NuGet\Install-Package ElBruno.LocalLLMs -Version 0.6.1
                    
This command is intended to be used within the Package Manager Console in Visual Studio, as it uses the NuGet module's version of Install-Package.
<PackageReference Include="ElBruno.LocalLLMs" Version="0.6.1" />
                    
For projects that support PackageReference, copy this XML node into the project file to reference the package.
<PackageVersion Include="ElBruno.LocalLLMs" Version="0.6.1" />
                    
Directory.Packages.props
<PackageReference Include="ElBruno.LocalLLMs" />
                    
Project file
For projects that support Central Package Management (CPM), copy this XML node into the solution Directory.Packages.props file to version the package.
paket add ElBruno.LocalLLMs --version 0.6.1
                    
#r "nuget: ElBruno.LocalLLMs, 0.6.1"
                    
#r directive can be used in F# Interactive and Polyglot Notebooks. Copy this into the interactive tool or source code of the script to reference the package.
#:package ElBruno.LocalLLMs@0.6.1
                    
#:package directive can be used in C# file-based apps starting in .NET 10 preview 4. Copy this into a .cs file before any lines of code to reference the package.
#addin nuget:?package=ElBruno.LocalLLMs&version=0.6.1
                    
Install as a Cake Addin
#tool nuget:?package=ElBruno.LocalLLMs&version=0.6.1
                    
Install as a Cake Tool

ElBruno.LocalLLMs

NuGet NuGet Downloads Build Status License: MIT HuggingFace .NET GitHub stars Twitter Follow

Run local LLMs in .NET through IChatClient 🧠

Run local LLMs in .NET through IChatClient — the same interface you'd use for Azure OpenAI, Ollama, or any other provider.
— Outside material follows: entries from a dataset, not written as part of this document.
lemma ses_pullback:
  assumes s: "ses C f g" and h: "h \<in> hom C W (cod C g)"
  shows "\<exists>j \<pi> \<alpha>. ses C j \<pi> \<and> dom C j = dom C f \<and> cod C \<pi> = W \<and>
    \<alpha> \<in> hom C (dom C \<pi>) (dom C g) \<and> comp C g \<alpha> = comp C h \<pi> \<and> comp C \<alpha> j = f"
proof -
  obtain S p1 p2 i1 i2 where bp: "biproduct C (dom C g) W S p1 p2 i1 i2"
    using abelian hom_objs[OF sesD(2)[OF s]] hom_objs[OF h] unfolding abelian_def by blast
  define m where "m = mdiff C (comp C g p1) (comp C h p2)"
  have "m \<in> Arr C"
    unfolding m_def using mdiff_in_hom comp_in_hom biproductD(1,2)[OF bp] sesD(2)[OF s] h in_hom_iff
    by blast
  then obtain k where k: "is_kernel C m k"
    using abelian unfolding abelian_def by blast
  interpret pullback_of_ses C f g h W S p1 p2 i1 i2 m k
    using s h bp m_def k by unfold_locales
  obtain j where j: "j \<in> hom C (dom C f) (dom C k)" "comp C k j = comp C i1 f"
    using kernel_lift_exists by blast
  have "ses C j (comp C p2 k)"
    unfolding ses_def using kernel_of_second_projection[OF j]
      epi_is_cokernel_of_kernel[OF second_projection_epi] by blast
  moreover have "comp C p1 k \<in> hom C (dom C (comp C p2 k)) (dom C g)"
    "cod C (comp C p2 k) = W" "dom C j = dom C f"
    using comp_in_hom[OF k_in_hom bp(1)] comp_in_hom[OF k_in_hom bp(2)] j(1) in_hom_iff by auto
  ultimately show ?thesis
    using pullback_square first_projection_lift[OF j] by blast
qed

lemma ses_pushout:
  assumes s: "ses C f g" and h: "h \<in> hom C (dom C f) Y"
  shows "\<exists>f' g' \<beta>. ses C f' g' \<and> dom C f' = Y \<and> cod C g' = cod C g \<and>
    \<beta> \<in> hom C (dom C g) (cod C f') \<and> comp C \<beta> f = comp C f' h \<and> comp C g' \<beta> = g"
proof -
  have "cod C f = dom C g"
    using sesD(6)[OF s] .
  then show ?thesis
    using abelian_category.ses_pullback[OF abelian_category_opposite, of g f h Y] s h by simp metis
qed

section \<open>Splitting and vanishing of \<open>Ext\<^sup>1\<close>\<close>

lemma ses_retraction_if_section:
  assumes s: "ses C f g" and sec: "s \<in> hom C (cod C g) (dom C g)" and gs: "comp C g s = idm C (cod C g)"
  shows "\<exists>r\<in>hom C (dom C g) (dom C f). comp C r f = idm C (dom C f)"
proof -
  note f = sesD(1)[OF s] and g = sesD(2)[OF s]
  define d where "d = mdiff C (idm C (dom C g)) (comp C s g)"
  have sg: "comp C s g \<in> hom C (dom C g) (dom C g)"
    using comp_in_hom[OF g sec] .
  have id: "idm C (dom C g) \<in> hom C (dom C g) (dom C g)"
    using id_in_hom hom_objs[OF g] by blast
  have d: "d \<in> hom C (dom C g) (dom C g)"
    unfolding d_def using mdiff_in_hom[OF id sg] .
  have "comp C g d = mdiff C g (comp C (comp C g s) g)"
    unfolding d_def using comp_mdiff_right[OF id sg g] comp_id_right[OF g] comp_assoc[OF g sec g]
    by simp
  also have "\<dots> = zer C (dom C g) (cod C g)"
    using gs comp_id_left[OF g] mdiff_self[OF g] by simp
  finally obtain r where r: "r \<in> hom C (dom C g) (dom C f)" and fr: "comp C f r = d"
    using kernel_factor[OF _ d] s unfolding ses_def by blast
  have "comp C f (comp C r f) = comp C d f"
    using comp_assoc[OF f r f] fr by simp
  also have "\<dots> = mdiff C f (comp C s (comp C g f))"
    unfolding d_def using comp_mdiff_left[OF f id sg] comp_id_left[OF f] comp_assoc[OF f g sec]
    by simp
  also have "\<dots> = comp C f (idm C (dom C f))"
    using sesD(3)[OF s] comp_zer_right[OF sec] hom_objs[OF f] mdiff_zer[OF f] comp_id_right[OF f]
    by simp
  finally have "comp C r f = idm C (dom C f)"
    using mono_cancel[OF sesD(4)[OF s]] comp_in_hom[OF f r] id_in_hom hom_objs[OF f] by blast
  then show ?thesis
    using r by blast
qed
Powered by ONNX Runtime GenAI.

Features

  • 🔌 IChatClient implementation — seamless integration with Microsoft.Extensions.AI
  • 📦 Automatic model download — models are fetched from HuggingFace on first use
  • 🚀 Zero friction — works out of the box with sensible defaults (Phi-3.5 mini)
  • 🖥️ Multi-hardware — CPU, CUDA, and DirectML execution providers
  • 💉 DI-friendly — register with AddLocalLLMs() in ASP.NET Core
  • 🔄 Streaming — token-by-token streaming via GetStreamingResponseAsync
  • 📊 Multi-model — switch between Phi-3.5, Phi-4, Qwen2.5, Llama 3.2, and more
  • 🎯 Fine-tuned models — pre-trained Qwen2.5 variants for tool calling and RAG (guide)

Installation

dotnet add package ElBruno.LocalLLMs

Then add one runtime package depending on your target hardware:

# 🖥️ CPU (works everywhere — required for CPU-only apps):
dotnet add package Microsoft.ML.OnnxRuntimeGenAI

# 🟢 NVIDIA GPU (CUDA):
dotnet add package Microsoft.ML.OnnxRuntimeGenAI.Cuda

# 🔵 Any Windows GPU — AMD, Intel, NVIDIA (DirectML):
dotnet add package Microsoft.ML.OnnxRuntimeGenAI.DirectML

⚠️ Add exactly one runtime package. Do not reference both Microsoft.ML.OnnxRuntimeGenAI and Microsoft.ML.OnnxRuntimeGenAI.Cuda simultaneously — the native binaries conflict and GPU support will silently fail.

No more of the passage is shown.